Excerpted records Start Marker
lemma measure_PiM_arg_max_on_swap:
  assumes T: "finite T" "T \<subseteq> I" and j: "j \<in> T" "j' \<in> T"
  shows "measure (\<Pi>\<^sub>M i\<in>I. M) {z \<in> space (\<Pi>\<^sub>M i\<in>I. M). arg_max_on z T = j'}
       = measure (\<Pi>\<^sub>M i\<in>I. M) {z \<in> space (\<Pi>\<^sub>M i\<in>I. M). arg_max_on z T = j}"
proof -
  let ?P = "\<Pi>\<^sub>M i\<in>I. M"
  let ?A = "\<lambda>j. {z \<in> space ?P. arg_max_on z T = j}"
  define s where "s = id(j := j', j' := j)"
  have s_s: "s (s i) = i" for i
    by (auto simp: s_def)
  have s_I: "s \<in> I \<rightarrow> I" and s_T: "bij_betw s T T"
    using T j s_s by (auto simp: s_def intro!: bij_betw_byWitness[where f' = s])
  have inj_s: "inj_on s I"
    by (metis s_s inj_onI)
  define R where "R z = (\<lambda>i\<in>I. z (s i))" for z :: "_ \<Rightarrow> real"
  have R: "R \<in> ?P \<rightarrow>\<^sub>M ?P"
    unfolding R_def using s_I by (intro measurable_restrict measurable_component_singleton) auto
  have distr_R: "distr ?P ?P R = ?P"
    unfolding R_def using distr_PiM_reindex[OF prob_space_axioms inj_s s_I] by simp
  have A_sets: "?A i \<in> sets ?P" for i
    using measurable_sets[OF measurable_arg_max_on_PiM[OF sets_eq_borel T], of "{i}"]
    by (simp add: Int_def conj_commute)
  have "AE z in ?P. z \<in> R -` ?A j' \<inter> space ?P \<longleftrightarrow> z \<in> ?A j"
    using AE_PiM_inj_on[OF T]
  proof (rule eventually_mono)
    fix z :: "_ \<Rightarrow> real" assume inj: "inj_on z T"
    have "arg_max_on (R z) T = arg_max_on (z \<circ> s) T"
      using T s_T by (intro arg_max_on_order_cong) (auto simp: R_def bij_betw_apply)
    then have "arg_max_on z T = s (arg_max_on (R z) T)"
      using arg_max_on_comp_bij[OF s_T inj T(1)] j by auto
    then have "arg_max_on (R z) T = j' \<longleftrightarrow> arg_max_on z T = j"
      by (metis s_s fun_upd_same s_def)
    then show "z \<in> R -` ?A j' \<inter> space ?P \<longleftrightarrow> z \<in> ?A j"
      using measurable_space[OF R] by auto
  qed
  then have "measure ?P (R -` ?A j' \<inter> space ?P) = measure ?P (?A j)"
    using R A_sets by (intro measure_eq_AE) auto
  then show ?thesis
    using measure_distr[OF R A_sets] by (simp add: distr_R)
qed
(* Take A = {0}, B = A plus an isolated vertex 1, and B' = B plus a vertex 2 with E(2,1).
   The maps f : A^+ -> B^+, f' : A^+ -> B'^+ and g : B^+ -> B'^+ of the amalgamation problem come
   from inserting the new vertices into an arbitrary extension right after the old ones; for f' and
   g the new vertex 2 moreover becomes an E-predecessor of every later vertex of which 0 is one.
   Insertion is type-respecting, keeps F-freeness (a copy of F centred at 2 can be recentred at 0),
   and g o f = f'.

   Let g' : B^+ -> B'^+ be K-type-respecting, fixing B, with g' o f = f'.  Extend B to W by two
   vertices 2, 3 with E(0,2), E(0,3) and H(1,2,3); both realise the type f(U) over B, where
   U = {E(0,t), 0 <= t}.  In an extension B'' of B' receiving W, the types over B' of the images x, y
   of 2 and 3 lie in the image of g'.  A base-fixing embedding of weak types can only send a type to
   an extension of it, so these types are g'(f(U)) = f'(U), which contains E(2,t).  Hence E(2,1),
   E(2,x), E(2,y) and H(1,x,y) form a copy of F in B''. *)

theory Submission
  imports Defs
begin

lemma rels_of_simps [simp]:
  "FE a b \<in> rels_of X \<longleftrightarrow> (a, b) \<in> eE X"
  "FH a b c \<in> rels_of X \<longleftrightarrow> (a, b, c) \<in> eH X"
  "FL a b \<in> rels_of X \<longleftrightarrow> a \<in> ecar X \<and> b \<in> ecar X \<and> a \<le> b"
  by (auto simp: rels_of_def)

lemma set_fact_subset_ecar:
  assumes "eE X \<subseteq> ecar X \<times> ecar X" "eH X \<subseteq> ecar X \<times> ecar X \<times> ecar X" "\<phi> \<in> rels_of X"
  shows "set_fact \<phi> \<subseteq> ecar X"
  using assms by (cases \<phi>) auto

lemma restr_simps [simp]:
  "ecar (restr X v) = ecar X \<inter> {..<v}"
  "eE (restr X v) = eE X \<inter> ({..<v} \<times> {..<v})"
  "eH (restr X v) = eH X \<inter> ({..<v} \<times> {..<v} \<times> {..<v})"
  by (simp_all add: restr_def)

lemma rels_of_restr: "rels_of (restr X v) = {\<phi> \<in> rels_of X. set_fact \<phi> \<subseteq> {..<v}}"
proof (rule set_eqI)
  show "\<phi> \<in> rels_of (restr X v) \<longleftrightarrow> \<phi> \<in> {\<phi> \<in> rels_of X. set_fact \<phi> \<subseteq> {..<v}}" for \<phi>
    by (cases \<phi>) auto
qed

lemma restr_restr: "u \<le> v \<Longrightarrow> restr (restr X v) u = restr X u"
  by (auto simp: restr_def)

lemma enumerated_E: "enumerated X \<Longrightarrow> eE X \<subseteq> ecar X \<times> ecar X"
  and enumerated_H: "enumerated X \<Longrightarrow> eH X \<subseteq> ecar X \<times> ecar X \<times> ecar X"
  unfolding enumerated_def by auto

lemma enumerated_lessThan_subset: "enumerated X \<Longrightarrow> v \<in> ecar X \<Longrightarrow> {..<v} \<subseteq> ecar X"
  unfolding enumerated_def by auto

lemma enumerated_restr_car: "enumerated X \<Longrightarrow> v \<in> ecar X \<Longrightarrow> ecar (restr X v) = {..<v}"
  using enumerated_lessThan_subset by fastforce

lemma enumerated_lessThan_iff:
  "enumerated \<lparr>ecar = {..<k}, eE = E, eH = H\<rparr> \<longleftrightarrow>
     E \<subseteq> {..<k} \<times> {..<k} \<and> H \<subseteq> {..<k} \<times> {..<k} \<times> {..<k}"
  unfolding enumerated_def by auto

lemma map_fact_eqD: "map_fact f \<phi> = map_fact g \<phi> \<Longrightarrow> x \<in> set_fact \<phi> \<Longrightarrow> f x = g x"
  by (cases \<phi>) auto

lemma map_fact_cong_id: "(\<And>x. x \<in> set_fact \<phi> \<Longrightarrow> f x = x) \<Longrightarrow> map_fact f \<phi> = \<phi>"
  by (cases \<phi>) auto

lemma map_fact_PB_obtain:
  assumes "set_fact \<Phi> \<subseteq> PB ` V"
  obtains \<phi> where "\<Phi> = map_fact PB \<phi>" "set_fact \<phi> \<subseteq> V"
proof
  show "\<Phi> = map_fact PB (map_fact (inv PB) \<Phi>)"
    using assms by (auto simp: fact.map_comp f_inv_into_f intro!: map_fact_cong_id[symmetric])
  show "set_fact (map_fact (inv PB) \<Phi>) \<subseteq> V"
    using assms by (auto simp: fact.set_map inv_f_f inj_def)
qed

section \<open>Weak types and A^+\<close>

lemma proper_Tv0: "proper l m \<phi> \<Longrightarrow> Tv 0 \<in> set_fact \<phi>"
  unfolding proper_def by force

lemma proper_TvD: "proper l m \<phi> \<Longrightarrow> Tv i \<in> set_fact \<phi> \<Longrightarrow> i < m"
  and proper_BsD: "proper l m \<phi> \<Longrightarrow> Bs j \<in> set_fact \<phi> \<Longrightarrow> j < l"
  unfolding proper_def by auto

lemma proper_top_Tv:
  assumes "proper l m \<phi>"
  obtains k where "0 < k" "Tv (k - 1) \<in> set_fact \<phi>" "\<And>i. Tv i \<in> set_fact \<phi> \<Longrightarrow> i < k"
proof -
  obtain k where k: "0 < k" "{i. Tv i \<in> set_fact \<phi>} = {..<k}"
    using assms unfolding proper_def by blast
  then have "Tv (k - 1) \<in> set_fact \<phi>" by (metis diff_less lessThan_iff mem_Collect_eq zero_less_one)
  with k that show ?thesis by blast
qed

lemma proper_mono: "proper l m \<phi> \<Longrightarrow> l \<le> l' \<Longrightarrow> proper l' m \<phi>"
  unfolding proper_def by (meson Un_mono image_mono lessThan_subset_iff order_refl order_trans)

lemma proper_trunc: "proper l m \<phi> \<Longrightarrow> (\<And>i. Tv i \<in> set_fact \<phi> \<Longrightarrow> i < k) \<Longrightarrow> proper l k \<phi>"
  unfolding proper_def by blast

lemma proper_FE: "j < l \<Longrightarrow> 0 < m \<Longrightarrow> proper l m (FE (Bs j) (Tv 0))"
  and proper_FL: "j < l \<Longrightarrow> 0 < m \<Longrightarrow> proper l m (FL (Bs j) (Tv 0))"
  unfolding proper_def by (auto intro!: exI[of _ 1])

lemma trunc_subset: "trunc k S \<subseteq> S"
  by (auto simp: trunc_def)

lemma trunc_trunc: "j \<le> k \<Longrightarrow> trunc j (trunc k S) = trunc j S"
  by (auto simp: trunc_def)

lemma trunc_proper: "S \<subseteq> Collect (proper l m) \<Longrightarrow> trunc m S = S"
  by (auto simp: trunc_def dest: proper_TvD)

lemma tp_proper: "tp B l as \<subseteq> Collect (proper l (length as))"
  by (auto simp: tp_def)

lemma plus_car_PB [simp]: "PB a \<in> plus_car X \<longleftrightarrow> a \<in> ecar X"
  and plus_car_PT [simp]: "PT i S \<in> plus_car X \<longleftrightarrow> S \<subseteq> Collect (proper (card (ecar X)) (Suc i))"
  by (auto simp: plus_car_def)

lemma is_emb_id: "is_emb M M id"
  unfolding is_emb_def by (simp add: fact.map_id option.map_id)

fun atom_of :: "pv \<Rightarrow> atom" where
  "atom_of (PB j) = Bs j"
| "atom_of (PT i S) = Tv i"

lemma atom_of_sig [simp]: "atom_of (sig S a) = a"
  by (cases a) auto

lemma map_atom_of_sig [simp]: "map_fact atom_of (map_fact (sig S) \<phi>) = \<phi>"
  by (simp add: fact.map_comp comp_def fact.map_ident)

lemma sig_atom_of: "y \<in> set_fact (map_fact (sig S) \<psi>) \<Longrightarrow> y = sig S (atom_of y)"
  by (auto simp: fact.set_map)

lemma map_sig_atom_of:
  "(\<And>y. y \<in> set_fact \<Phi> \<Longrightarrow> sig T (atom_of y) = y) \<Longrightarrow> map_fact (sig T) (map_fact atom_of \<Phi>) = \<Phi>"
  by (simp add: fact.map_comp map_fact_cong_id)

lemma sig_in_plus_rels_iff:
  assumes S: "S \<subseteq> Collect (proper (card (ecar X)) m)" and \<phi>: "proper (card (ecar X)) m \<phi>"
  shows "map_fact (sig S) \<phi> \<in> plus_rels X \<longleftrightarrow> \<phi> \<in> S"
proof
  assume "\<phi> \<in> S"
  then show "map_fact (sig S) \<phi> \<in> plus_rels X" using S unfolding plus_rels_def by blast
next
  assume rel: "map_fact (sig S) \<phi> \<in> plus_rels X"
  have "PT 0 (trunc 1 S) \<in> set_fact (map_fact (sig S) \<phi>)"
    using proper_Tv0[OF \<phi>] by (metis fact.set_map imageI sig.simps(2) One_nat_def)
  moreover have "PT 0 (trunc 1 S) \<notin> set_fact (map_fact PB \<psi>)" for \<psi>
    by (auto simp: fact.set_map)
  ultimately have "map_fact (sig S) \<phi> \<notin> map_fact PB ` rels_of X"
    by (metis imageE)
  with rel obtain m' S' \<phi>' where eq: "map_fact (sig S) \<phi> = map_fact (sig S') \<phi>'" and "\<phi>' \<in> S'"
    unfolding plus_rels_def by blast
  moreover have "\<phi>' = \<phi>" using arg_cong[OF eq, of "map_fact atom_of"] by simp
  moreover obtain k where k: "0 < k" "Tv (k - 1) \<in> set_fact \<phi>" "\<And>i. Tv i \<in> set_fact \<phi> \<Longrightarrow> i < k"
    using proper_top_Tv[OF \<phi>] by blast
  ultimately have "sig S (Tv (k - 1)) = sig S' (Tv (k - 1))" and "\<phi> \<in> trunc k S'"
    by (metis map_fact_eqD, auto simp: trunc_def)
  with k(1) have "\<phi> \<in> trunc k S" by (metis One_nat_def Suc_pred sig.simps(2) pv.inject(2))
  then show "\<phi> \<in> S" using trunc_subset by blast
qed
Excerpted records End Marker
→ **Problem**: Give the lines of the material above again, exactly, from its first line through the line that contains "by (metis s_s fun_upd_same s_def)" and no further.

→ **Result of this task**:
lemma measure_PiM_arg_max_on_swap:
  assumes T: "finite T" "T \<subseteq> I" and j: "j \<in> T" "j' \<in> T"
  shows "measure (\<Pi>\<^sub>M i\<in>I. M) {z \<in> space (\<Pi>\<^sub>M i\<in>I. M). arg_max_on z T = j'}
       = measure (\<Pi>\<^sub>M i\<in>I. M) {z \<in> space (\<Pi>\<^sub>M i\<in>I. M). arg_max_on z T = j}"
proof -
  let ?P = "\<Pi>\<^sub>M i\<in>I. M"
  let ?A = "\<lambda>j. {z \<in> space ?P. arg_max_on z T = j}"
  define s where "s = id(j := j', j' := j)"
  have s_s: "s (s i) = i" for i
    by (auto simp: s_def)
  have s_I: "s \<in> I \<rightarrow> I" and s_T: "bij_betw s T T"
    using T j s_s by (auto simp: s_def intro!: bij_betw_byWitness[where f' = s])
  have inj_s: "inj_on s I"
    by (metis s_s inj_onI)
  define R where "R z = (\<lambda>i\<in>I. z (s i))" for z :: "_ \<Rightarrow> real"
  have R: "R \<in> ?P \<rightarrow>\<^sub>M ?P"
    unfolding R_def using s_I by (intro measurable_restrict measurable_component_singleton) auto
  have distr_R: "distr ?P ?P R = ?P"
    unfolding R_def using distr_PiM_reindex[OF prob_space_axioms inj_s s_I] by simp
  have A_sets: "?A i \<in> sets ?P" for i
    using measurable_sets[OF measurable_arg_max_on_PiM[OF sets_eq_borel T], of "{i}"]
    by (simp add: Int_def conj_commute)
  have "AE z in ?P. z \<in> R -` ?A j' \<inter> space ?P \<longleftrightarrow> z \<in> ?A j"
    using AE_PiM_inj_on[OF T]
  proof (rule eventually_mono)
    fix z :: "_ \<Rightarrow> real" assume inj: "inj_on z T"
    have "arg_max_on (R z) T = arg_max_on (z \<circ> s) T"
      using T s_T by (intro arg_max_on_order_cong) (auto simp: R_def bij_betw_apply)
    then have "arg_max_on z T = s (arg_max_on (R z) T)"
      using arg_max_on_comp_bij[OF s_T inj T(1)] j by auto
    then have "arg_max_on (R z) T = j' \<longleftrightarrow> arg_max_on z T = j"
      by (metis s_s fun_upd_same s_def)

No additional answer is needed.